In ecologic studies, the experimental units are often entire populations (such of a region or country). For example, in a study presented in Chapter 16 of Epidemiology For Dummies by Amal K. Mitra (Wiley), the experimental unit is a country, and 15 countries were included in the analysis. The exposure being investigated is fat intake from diet (which was operationalized as average saturated fat intake as a percentage of energy in the diet). The outcome was deaths from coronary heart disease (CHD), operationalized as 50-year CHD deaths per 1,000 person-years (see Chapter 15 for more about rates in person-years). Figure 7-3 presents the results in the form of a scatter plot.
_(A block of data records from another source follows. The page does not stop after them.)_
lemma orlicz_p_norm_diff_bound:
  assumes lattice: "lattice_norm2 p" and unit: "p (1, 0) = 1" "p (0, 1) = 1"
    and orlicz: "orlicz_function \<Phi>"
    and meas: "x \<in> borel_measurable M" "y \<in> borel_measurable M"
    and between: "AE t in M. 0 \<le> x t \<and> x t \<le> y t"
    and norm_y: "orlicz_p_norm M \<Phi> p y = 1"
    and \<eta>: "0 < \<eta>" and c: "0 < c" "1 + \<eta> \<le> 1 / c"
  obtains X Y where "monotonicity_pair p X Y"
    "enn2real (I_Phi M \<Phi> (\<lambda>t. c * x t)) \<le> (1 + \<eta>) * p X"
    "orlicz_p_norm M \<Phi> p (\<lambda>t. y t - x t) \<le> ennreal ((1 + \<eta>) * p (Y - X))"
proof -
  obtain k a where k: "0 < k" and a: "0 \<le> a" "I_Phi M \<Phi> (\<lambda>t. k * y t) = ennreal a"
    and s: "p (1, a) / k < 1 + \<eta>"
    using orlicz_p_norm_less_witness[OF lattice, of M \<Phi> y "1 + \<eta>"] norm_y \<eta> by auto
  define r where "r = p (1, a)"
  have rk: "r / k < 1 + \<eta>"
    using s unfolding r_def .
  have r: "1 \<le> r"
    using monotonicity_pair_normalize(1)[OF lattice unit a(1) order_refl] unfolding r_def .
  have "1 / k \<le> r / k"
    using r k by (simp add: divide_right_mono)
  then have "1 / k < 1 / c"
    using rk c(2) by linarith
  then have "c < k"
    using k c(1) by (simp add: field_simps)
  have "c + \<eta> * c \<le> 1"
    using c by (simp add: field_simps)
  then have "c < 1"
    using mult_pos_pos[OF \<eta> c(1)] by linarith
  obtain b d where b: "0 \<le> b" "I_Phi M \<Phi> (\<lambda>t. k * x t) = ennreal b"
    and d: "0 \<le> d" "I_Phi M \<Phi> (\<lambda>t. k * (y t - x t)) = ennreal d" and "d + b \<le> a"
    using I_Phi_dilated_split[OF orlicz meas between k a] .
  then have ba: "b \<le> a" "d \<le> a - b"
    using d(1) by linarith+
  \<comment> \<open>the witnesses are \<open>(0, I\<^sub>\<Phi>(kx))\<close> and \<open>(1, I\<^sub>\<Phi>(ky))\<close> divided by \<open>p(1, I\<^sub>\<Phi>(ky))\<close>\<close>
  note normalized = monotonicity_pair_normalize[OF lattice unit b(1) ba(1), folded r_def]
  show ?thesis
  proof (rule that[OF normalized(2)])
    have "ennreal (k * enn2real (I_Phi M \<Phi> (\<lambda>t. c * x t))) \<le> ennreal b"
      using I_Phi_dilation_ge[OF orlicz meas(1), of c k] c(1) \<open>c < k\<close> \<open>c < 1\<close> b(2) k
      by (cases "I_Phi M \<Phi> (\<lambda>t. c * x t)") (auto simp: ennreal_mult)
    then have "enn2real (I_Phi M \<Phi> (\<lambda>t. c * x t)) \<le> b / k"
      using k b(1) by (simp add: field_simps)
    also have "b / k = (r / k) * (b / r)"
      using r by simp
    also have "\<dots> \<le> (1 + \<eta>) * p (0, b / r)"
      unfolding normalized(3) using rk r b(1) by (intro mult_right_mono) auto
    finally show "enn2real (I_Phi M \<Phi> (\<lambda>t. c * x t)) \<le> (1 + \<eta>) * p (0, b / r)" .
  next
    have "orlicz_p_norm M \<Phi> p (\<lambda>t. y t - x t) \<le> ennreal (p (1, d) / k)"
      by (rule orlicz_p_norm_le[OF lattice k d])
    also have "p (1, d) / k \<le> p (1, a - b) / k"
      using lattice_norm2_mono[OF lattice, of 1 1 d "a - b"] ba d(1) k by (simp add: divide_right_mono)
    also have "p (1, a - b) / k = (r / k) * p ((1 / r, a / r) - (0, b / r))"
      using normalized(4) r by simp
    also have "\<dots> \<le> (1 + \<eta>) * p ((1 / r, a / r) - (0, b / r))"
      using rk lattice_norm2_nonneg[OF lattice] by (intro mult_right_mono) auto
    finally show "orlicz_p_norm M \<Phi> p (\<lambda>t. y t - x t) \<le> ennreal ((1 + \<eta>) * p ((1 / r, a / r) - (0, b / r)))"
      by (simp add: ennreal_leI)
  qed
qed

lemma orlicz_p_norm_diff_approx:
  assumes lattice: "lattice_norm2 p" and unit: "p (1, 0) = 1" "p (0, 1) = 1"
    and orlicz: "orlicz_function \<Phi>"
    and meas: "x \<in> borel_measurable M" "y \<in> borel_measurable M"
    and between: "AE t in M. 0 \<le> x t \<and> x t \<le> y t"
    and norm_y: "orlicz_p_norm M \<Phi> p y = 1"
    and h: "0 < h"
  obtains X Y where "monotonicity_pair p X Y" "enn2real (I_Phi M \<Phi> x) - h \<le> p X"
    "orlicz_p_norm M \<Phi> p (\<lambda>t. y t - x t) \<le> ennreal (p (Y - X) + h)"
proof -
  obtain c where c: "0 < c" "c < 1"
    and below: "enn2real (I_Phi M \<Phi> x) - h / 2 < enn2real (I_Phi M \<Phi> (\<lambda>t. c * x t))"
    using I_Phi_approx_from_below[OF orlicz meas(1), of "enn2real (I_Phi M \<Phi> x) - h / 2"] h by auto
  define \<eta> where "\<eta> = min (1 / c - 1) (h / 2)"
  have "1 < 1 / c"
    using c by (simp add: field_simps)
  then have \<eta>: "0 < \<eta>" "1 + \<eta> \<le> 1 / c" "\<eta> \<le> h / 2"
    using h by (auto simp: \<eta>_def min_def)
  obtain X Y where XY: "monotonicity_pair p X Y"
    "enn2real (I_Phi M \<Phi> (\<lambda>t. c * x t)) \<le> (1 + \<eta>) * p X"
    "orlicz_p_norm M \<Phi> p (\<lambda>t. y t - x t) \<le> ennreal ((1 + \<eta>) * p (Y - X))"
    using orlicz_p_norm_diff_bound[OF lattice unit orlicz meas between norm_y \<eta>(1) c(1) \<eta>(2)] .
  have "\<eta> * p X \<le> \<eta>" "\<eta> * p (Y - X) \<le> \<eta>"
    using monotonicity_pair_le_one[OF lattice XY(1)] \<eta>(1) by (simp_all add: mult_left_le)
  show ?thesis
  proof (rule that[OF XY(1)])
    show "enn2real (I_Phi M \<Phi> x) - h \<le> p X"
      using below XY(2) \<open>\<eta> * p X \<le> \<eta>\<close> \<eta>(3) by (simp add: algebra_simps)
    have "(1 + \<eta>) * p (Y - X) \<le> p (Y - X) + h"
      using \<open>\<eta> * p (Y - X) \<le> \<eta>\<close> \<eta>(3) h by (simp add: algebra_simps)
    then show "orlicz_p_norm M \<Phi> p (\<lambda>t. y t - x t) \<le> ennreal (p (Y - X) + h)"
      using XY(3) ennreal_leI order_trans by blast
  qed
qed

theorem theorem7:
  fixes M :: "'a measure" and \<Phi> :: "real \<Rightarrow> real" and p :: "real \<times> real \<Rightarrow> real"
    and x y :: "'a \<Rightarrow> real"
  assumes "sigma_finite_measure M" and "complete_measure M"
    and "lattice_norm2 p" and "strictly_monotone2 p"
    and "p (1,0) = 1" and "p (0,1) = 1"
    and "orlicz_function \<Phi>"
    and "x \<in> orlicz_space M \<Phi>" and "y \<in> orlicz_space M \<Phi>"
    and "AE t in M. 0 \<le> x t \<and> x t \<le> y t"
    and "orlicz_p_norm M \<Phi> p y = 1"
  shows "orlicz_p_norm M \<Phi> p (\<lambda>t. y t - x t)
           \<le> ennreal (1 - delta_m p (enn2real (I_Phi M \<Phi> x)))"
proof -
  note lattice = assms(3) and unit = assms(5,6)
  have meas: "x \<in> borel_measurable M" "y \<in> borel_measurable M"
    using assms(8,9) unfolding orlicz_space_def by auto
  note approx = orlicz_p_norm_diff_approx[OF lattice unit assms(7) meas assms(10,11)]
  obtain X1 Y1 where "orlicz_p_norm M \<Phi> p (\<lambda>t. y t - x t) \<le> ennreal (p (Y1 - X1) + 1)"
    by (rule approx[of 1]) auto
  then obtain N where N: "orlicz_p_norm M \<Phi> p (\<lambda>t. y t - x t) = ennreal N" "0 \<le> N"
    by (cases "orlicz_p_norm M \<Phi> p (\<lambda>t. y t - x t)") (auto simp: top_unique)
  have "\<exists>X Y. monotonicity_pair p X Y \<and> enn2real (I_Phi M \<Phi> x) - h \<le> p X \<and> N - h \<le> p (Y - X)"
    if h: "0 < h" for h
  proof -
    obtain X Y where XY: "monotonicity_pair p X Y" "enn2real (I_Phi M \<Phi> x) - h \<le> p X"
      "ennreal N \<le> ennreal (p (Y - X) + h)"
      using approx[OF h] unfolding N(1) by blast
    have "N - h \<le> p (Y - X)"
      using XY(3) h lattice_norm2_nonneg[OF lattice, of "Y - X"] by (simp add: ennreal_le_iff del: ennreal_plus)
    then show ?thesis
      using XY(1,2) by blast
  qed
  then obtain X Y where "monotonicity_pair p X Y" "enn2real (I_Phi M \<Phi> x) \<le> p X" "N \<le> p (Y - X)"
    using monotonicity_pair_limit[OF lattice unit] by blast
  then have "N \<le> 1 - delta_m p (enn2real (I_Phi M \<Phi> x))"
    using delta_m_le[OF lattice] by fastforce
  then show ?thesis
    using N(1) by (simp add: ennreal_leI)
qed

end
(* For every $n\in\mathbb N$, \[ \mathsf{HLS}_n\bigl(1,(X_C)_C\bigr)=\sum_{\varnothing\neq C_1\subsetneq C_2\subsetneq\dots\subsetneq C_\ell\subseteq[n]}\ \prod_{i=1}^\ell\frac{X_{C_i}}{1-X_{C_i}}, \] the sum including the empty chain ($\ell=0$, contributing $1$). In particular, setting all $X_C=X$, \[ \mathsf{HLS}_n(1,X)=\frac{E_n(X)}{(1-X)^n},\qquad E_n(X)=\sum_{w\in S_n}X^{\#\{i\in[n-1]:\,w(i+1)<w(i)\}}. \]
   Context: Hall–Littlewood–Schubert series: Let $[n]=\{1,\dots,n\}$. $\mathrm{SSYT}_n$ is the set of semistandard Young tableaux with entries in $[n]$ (including the empty one); a tableau is identified with its sequence of columns $(C_1,\dots,C_\ell)$, $C_j\subseteq[n]$ the set of entries of column $j$, and $T_{ij}$ is the entry in row $i$, column $j$. $T$ is reduced if its columns are pairwise distinct; $\mathrm{rSSYT}_n$ is the finite set of reduced tableaux. For cells $(i,j),(i,j+1)$ both in $T$, $\mathrm{Leg}^+_T(i,j)=C_j\cap\{T_{ij},\dots,T_{i,j+1}\}$ if $T_{i,j+1}\notin C_j$, else $\varnothing$ ($\varnothing$ if a cell is missing). $\Phi_T(Y)=\prod_{\mathrm{Leg}^+_T(i,j)\neq\varnothing}(1-Y^{\#\mathrm{Leg}^+_T(i,j)})$. For variables $\mathbf X=(X_C)_{\varnothing\ne C\subseteq[n]}$, $\mathsf{HLS}_n(Y,\mathbf X)=\sum_{T\in\mathrm{rSSYT}_n}\Phi_T(Y)\prod_{C\in T}\frac{X_C}{1-X_C}$; $\mathsf{HLS}_n(Y,(f_C)_C)$ denotes the substitution $X_C\mapsto f_C$. $S_n$ is the symmetric group on $[n]$. *)

theory Defs
  imports Main "HOL-Combinatorics.Permutations"
begin

text \<open>A tableau is the list of its columns C_1,...,C_l (each a set of entries).
  Rows are indexed from 0: the entry in row i of column C is the i-th smallest
  element of C.\<close>

definition entry :: "nat set \<Rightarrow> nat \<Rightarrow> nat" where
  "entry C i = sorted_list_of_set C ! i"

definition SSYT :: "nat \<Rightarrow> nat set list \<Rightarrow> bool" where
  "SSYT n T \<longleftrightarrow>
     (\<forall>C\<in>set T. C \<noteq> {} \<and> C \<subseteq> {1..n}) \<and>
     (\<forall>j. Suc j < length T \<longrightarrow>
        card (T ! Suc j) \<le> card (T ! j) \<and>
        (\<forall>i < card (T ! Suc j). entry (T ! j) i \<le> entry (T ! Suc j) i))"

definition rSSYT :: "nat \<Rightarrow> nat set list set" where
  "rSSYT n = {T. SSYT n T \<and> distinct T}"

text \<open>Leg^+_T(i,j) for the cells (i,j),(i,j+1) (0-indexed); empty if a cell is missing.\<close>
definition LegPlus :: "nat set list \<Rightarrow> nat \<Rightarrow> nat \<Rightarrow> nat set" where
  "LegPlus T i j =
     (if Suc j < length T \<and> i < card (T ! Suc j) \<and> i < card (T ! j)
         \<and> entry (T ! Suc j) i \<notin> T ! j
      then T ! j \<inter> {entry (T ! j) i .. entry (T ! Suc j) i}
      else {})"

definition Phi :: "nat set list \<Rightarrow> 'a::comm_ring_1 \<Rightarrow> 'a" where
  "Phi T Y = (\<Prod>(i, j) \<in> {(i, j). Suc j < length T \<and> i < card (T ! Suc j) \<and> LegPlus T i j \<noteq> {}}.
                 1 - Y ^ card (LegPlus T i j))"

definition HLS :: "nat \<Rightarrow> 'a::field \<Rightarrow> (nat set \<Rightarrow> 'a) \<Rightarrow> 'a" where
  "HLS n Y X = (\<Sum>T\<in>rSSYT n. Phi T Y * (\<Prod>C\<in>set T. X C / (1 - X C)))"

definition chains :: "nat \<Rightarrow> nat set list set" where
  "chains n = {cs. sorted_wrt (\<subset>) cs \<and> (\<forall>C\<in>set cs. C \<noteq> {} \<and> C \<subseteq> {1..n})}"

definition eulerian :: "nat \<Rightarrow> 'a::comm_ring_1 \<Rightarrow> 'a" where
  "eulerian n x = (\<Sum>w | w permutes {1..n}. x ^ card {i \<in> {1..n-1}. w (Suc i) < w i})"

end

theory Submission
  imports Defs "HOL-Library.Product_Lexorder"
begin

text \<open>
  At \<open>Y = 1\<close> every factor \<open>1 - Y^k\<close> of \<open>\<Phi>\<^sub>T\<close> vanishes, so only reduced tableaux
  without nonempty legs contribute. These are exactly the tableaux in which each column contains
  the next one, i.e. the reversed chains \<open>\<emptyset> \<noteq> C\<^sub>1 \<subset> \<dots> \<subset> C\<^sub>\<ell> \<subseteq> [n]\<close>.

  For constant \<open>X = x\<close>, a chain is the same as a pair \<open>(w, S)\<close> of a permutation \<open>w\<close> of
  \<open>[n]\<close> and a set \<open>S \<supseteq> Des(w)\<close>, via \<open>C = w{1..s}\<close> for \<open>s \<in> S\<close>: conversely \<open>w\<close> lists
  \<open>C\<^sub>1, C\<^sub>2 - C\<^sub>1, \<dots>, [n] - C\<^sub>\<ell>\<close>, each block in increasing order, so that descents occur only
  at block boundaries. Multiplying by \<open>(1 - x)^n\<close>, the chain with \<open>|S|\<close> members contributes
  \<open>x^|S| (1 - x)^(n - |S|)\<close>, and summing this over all \<open>S \<supseteq> Des(w)\<close> gives \<open>x^des(w)\<close>
  by the binomial theorem.
\<close>

section \<open>Reduced tableaux at Y = 1\<close>

lemma card_less_entry:
  assumes "finite A" "i < card A"
  shows "card {c\<in>A. c < entry A i} = i"
proof -
  let ?xs = "sorted_list_of_set A"
  have xs: "sorted_wrt (<) ?xs" "length ?xs = card A" "set ?xs = A"
    using assms(1) by simp_all
  have nth_less_iff: "?xs ! k < ?xs ! i \<longleftrightarrow> k < i" if "k < card A" for k
    using sorted_wrt_nth_less[OF xs(1), of k i] sorted_nth_mono[of ?xs i k] that assms(2) xs
    by (auto simp: strict_sorted_iff) (meson not_le)
  have "{c\<in>A. c < entry A i} = (!) ?xs ` {..<i}"
  proof (intro set_eqI iffI)
    fix c assume c: "c \<in> {c\<in>A. c < entry A i}"
    then obtain k where "k < card A" "c = ?xs ! k"
      using xs by (metis in_set_conv_nth mem_Collect_eq)
    with c nth_less_iff show "c \<in> (!) ?xs ` {..<i}" by (auto simp: entry_def)
  next
    fix c assume "c \<in> (!) ?xs ` {..<i}"
    then obtain k where "k < i" "c = ?xs ! k" by auto
    with assms(2) xs nth_less_iff show "c \<in> {c\<in>A. c < entry A i}"
      by (auto simp: entry_def)
  qed
  moreover have "inj_on ((!) ?xs) {..<i}"
    using assms(2) xs by (auto simp: inj_on_def nth_eq_iff_index_eq strict_sorted_iff)
  ultimately show ?thesis by (simp add: card_image)
qed

lemma entry_in: "finite C \<Longrightarrow> i < card C \<Longrightarrow> entry C i \<in> C"
  unfolding entry_def by (metis length_sorted_list_of_set nth_mem set_sorted_list_of_set)

lemma entry_surj: "finite C \<Longrightarrow> c \<in> C \<Longrightarrow> \<exists>i < card C. entry C i = c"
  unfolding entry_def by (metis in_set_conv_nth length_sorted_list_of_set set_sorted_list_of_set)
A scatter plot graph displaying the relationship between average saturated fat intake as a percentage of energy and CHD deaths per 100,000 men aged 55-64. The graph shows data points for various locations with a strong positive correlation indicated by a dashed trend line and a correlation coefficient ® of 0.92. — © John Wiley & Sons, Inc.
FIGURE 7-3: Ecologic study results.

As shown in Figure 7-3, the country’s average value of the outcome (rate of CHD deaths) is plotted on the y-axis because it’s the outcome. The exposure, average dietary fat intake for the country, is plotted on the x-axis. The 15 countries in the study are plotted according to their x-y coordinates. Notice that the United States is in the upper-right quadrant of the scatter plot because it has high rates of both the exposure and outcome. The strong, positive value of correlation coefficient r (which is 0.92) indicates that there is a strong positive bivariate association between the exposure and outcome, which is weak evidence for causality (flip to Chapter 15 for more on correlation).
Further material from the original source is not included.